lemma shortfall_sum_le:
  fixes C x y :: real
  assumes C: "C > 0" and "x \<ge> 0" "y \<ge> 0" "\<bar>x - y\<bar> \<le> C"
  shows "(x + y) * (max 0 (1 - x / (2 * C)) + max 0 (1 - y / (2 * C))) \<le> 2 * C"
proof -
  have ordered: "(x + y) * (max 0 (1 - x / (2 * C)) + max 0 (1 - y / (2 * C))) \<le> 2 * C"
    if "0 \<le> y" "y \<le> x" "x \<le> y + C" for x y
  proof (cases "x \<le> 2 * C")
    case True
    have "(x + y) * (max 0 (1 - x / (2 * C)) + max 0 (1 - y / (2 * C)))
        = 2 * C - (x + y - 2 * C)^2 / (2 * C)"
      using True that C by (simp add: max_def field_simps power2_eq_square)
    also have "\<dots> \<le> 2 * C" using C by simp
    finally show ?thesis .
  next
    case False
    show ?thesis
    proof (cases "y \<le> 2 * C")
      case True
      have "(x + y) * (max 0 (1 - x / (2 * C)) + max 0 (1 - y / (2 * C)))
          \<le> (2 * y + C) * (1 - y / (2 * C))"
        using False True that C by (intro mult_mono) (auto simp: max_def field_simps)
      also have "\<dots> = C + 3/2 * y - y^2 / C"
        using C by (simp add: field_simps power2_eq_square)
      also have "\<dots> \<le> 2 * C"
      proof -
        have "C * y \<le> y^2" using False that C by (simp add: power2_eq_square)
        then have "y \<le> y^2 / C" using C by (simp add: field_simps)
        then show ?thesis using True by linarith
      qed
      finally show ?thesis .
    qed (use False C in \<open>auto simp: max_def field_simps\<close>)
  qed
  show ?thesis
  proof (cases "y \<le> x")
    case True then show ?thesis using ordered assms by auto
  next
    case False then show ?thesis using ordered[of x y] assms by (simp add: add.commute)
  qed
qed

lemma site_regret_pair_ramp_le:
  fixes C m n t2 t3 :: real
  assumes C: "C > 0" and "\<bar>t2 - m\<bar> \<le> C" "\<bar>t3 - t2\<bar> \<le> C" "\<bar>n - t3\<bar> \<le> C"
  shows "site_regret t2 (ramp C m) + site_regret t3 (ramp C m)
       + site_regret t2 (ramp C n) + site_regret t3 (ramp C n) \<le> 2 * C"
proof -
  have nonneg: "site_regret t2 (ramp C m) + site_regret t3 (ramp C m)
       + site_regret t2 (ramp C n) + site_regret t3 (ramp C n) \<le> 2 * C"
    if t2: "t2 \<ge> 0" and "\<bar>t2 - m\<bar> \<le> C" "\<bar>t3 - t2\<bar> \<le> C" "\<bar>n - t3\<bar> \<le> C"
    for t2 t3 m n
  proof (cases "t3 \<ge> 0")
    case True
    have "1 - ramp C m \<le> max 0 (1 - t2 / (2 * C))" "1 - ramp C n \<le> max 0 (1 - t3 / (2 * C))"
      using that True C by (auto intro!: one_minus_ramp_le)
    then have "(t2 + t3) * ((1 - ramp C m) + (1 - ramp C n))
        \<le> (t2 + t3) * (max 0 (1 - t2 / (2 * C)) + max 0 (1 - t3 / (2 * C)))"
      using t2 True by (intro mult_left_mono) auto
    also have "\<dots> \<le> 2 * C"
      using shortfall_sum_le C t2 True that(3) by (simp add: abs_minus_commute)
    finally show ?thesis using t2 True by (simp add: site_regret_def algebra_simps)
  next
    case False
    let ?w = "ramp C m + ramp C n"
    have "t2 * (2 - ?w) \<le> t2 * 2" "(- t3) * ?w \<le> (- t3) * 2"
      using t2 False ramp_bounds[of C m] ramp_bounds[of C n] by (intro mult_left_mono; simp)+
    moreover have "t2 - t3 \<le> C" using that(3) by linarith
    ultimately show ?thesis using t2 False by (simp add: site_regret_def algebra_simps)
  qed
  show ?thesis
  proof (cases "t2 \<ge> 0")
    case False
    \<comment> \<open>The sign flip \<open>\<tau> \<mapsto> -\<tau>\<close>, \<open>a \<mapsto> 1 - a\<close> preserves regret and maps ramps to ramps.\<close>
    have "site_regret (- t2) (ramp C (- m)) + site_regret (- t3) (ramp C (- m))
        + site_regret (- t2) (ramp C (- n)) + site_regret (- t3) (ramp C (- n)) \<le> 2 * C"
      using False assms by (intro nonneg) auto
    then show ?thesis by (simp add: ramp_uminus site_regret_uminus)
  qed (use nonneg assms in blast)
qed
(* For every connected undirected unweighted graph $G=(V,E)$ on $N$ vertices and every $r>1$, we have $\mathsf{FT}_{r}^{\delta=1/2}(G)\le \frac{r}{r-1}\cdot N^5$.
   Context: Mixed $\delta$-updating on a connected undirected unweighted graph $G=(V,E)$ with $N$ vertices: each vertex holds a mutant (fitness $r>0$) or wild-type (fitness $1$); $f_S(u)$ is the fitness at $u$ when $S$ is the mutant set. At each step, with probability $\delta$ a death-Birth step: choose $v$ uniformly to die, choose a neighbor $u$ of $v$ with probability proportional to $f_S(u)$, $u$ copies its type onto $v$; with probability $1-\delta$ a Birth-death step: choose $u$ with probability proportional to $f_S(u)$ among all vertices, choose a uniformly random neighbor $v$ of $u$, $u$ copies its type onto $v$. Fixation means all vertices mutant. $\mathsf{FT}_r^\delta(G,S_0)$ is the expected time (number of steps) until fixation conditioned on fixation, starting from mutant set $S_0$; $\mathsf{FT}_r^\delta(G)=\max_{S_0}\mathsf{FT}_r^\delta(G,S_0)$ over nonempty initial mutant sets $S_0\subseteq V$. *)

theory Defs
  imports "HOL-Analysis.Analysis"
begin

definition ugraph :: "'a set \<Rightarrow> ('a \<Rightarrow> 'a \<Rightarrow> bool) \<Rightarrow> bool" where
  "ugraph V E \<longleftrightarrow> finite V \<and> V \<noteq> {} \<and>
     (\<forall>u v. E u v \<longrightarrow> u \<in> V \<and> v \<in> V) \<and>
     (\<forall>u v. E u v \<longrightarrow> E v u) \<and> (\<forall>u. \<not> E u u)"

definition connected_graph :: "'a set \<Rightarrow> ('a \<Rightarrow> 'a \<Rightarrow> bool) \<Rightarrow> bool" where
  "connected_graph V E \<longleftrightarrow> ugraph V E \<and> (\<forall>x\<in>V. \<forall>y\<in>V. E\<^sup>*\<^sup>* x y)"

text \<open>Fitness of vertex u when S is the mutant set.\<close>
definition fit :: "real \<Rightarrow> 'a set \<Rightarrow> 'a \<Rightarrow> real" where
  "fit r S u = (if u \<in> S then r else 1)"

## The task:
Across the data, pull every line containing the string "linarith".

## Answer to this task:
        then show ?thesis using True by linarith
    moreover have "t2 - t3 \<le> C" using that(3) by linarith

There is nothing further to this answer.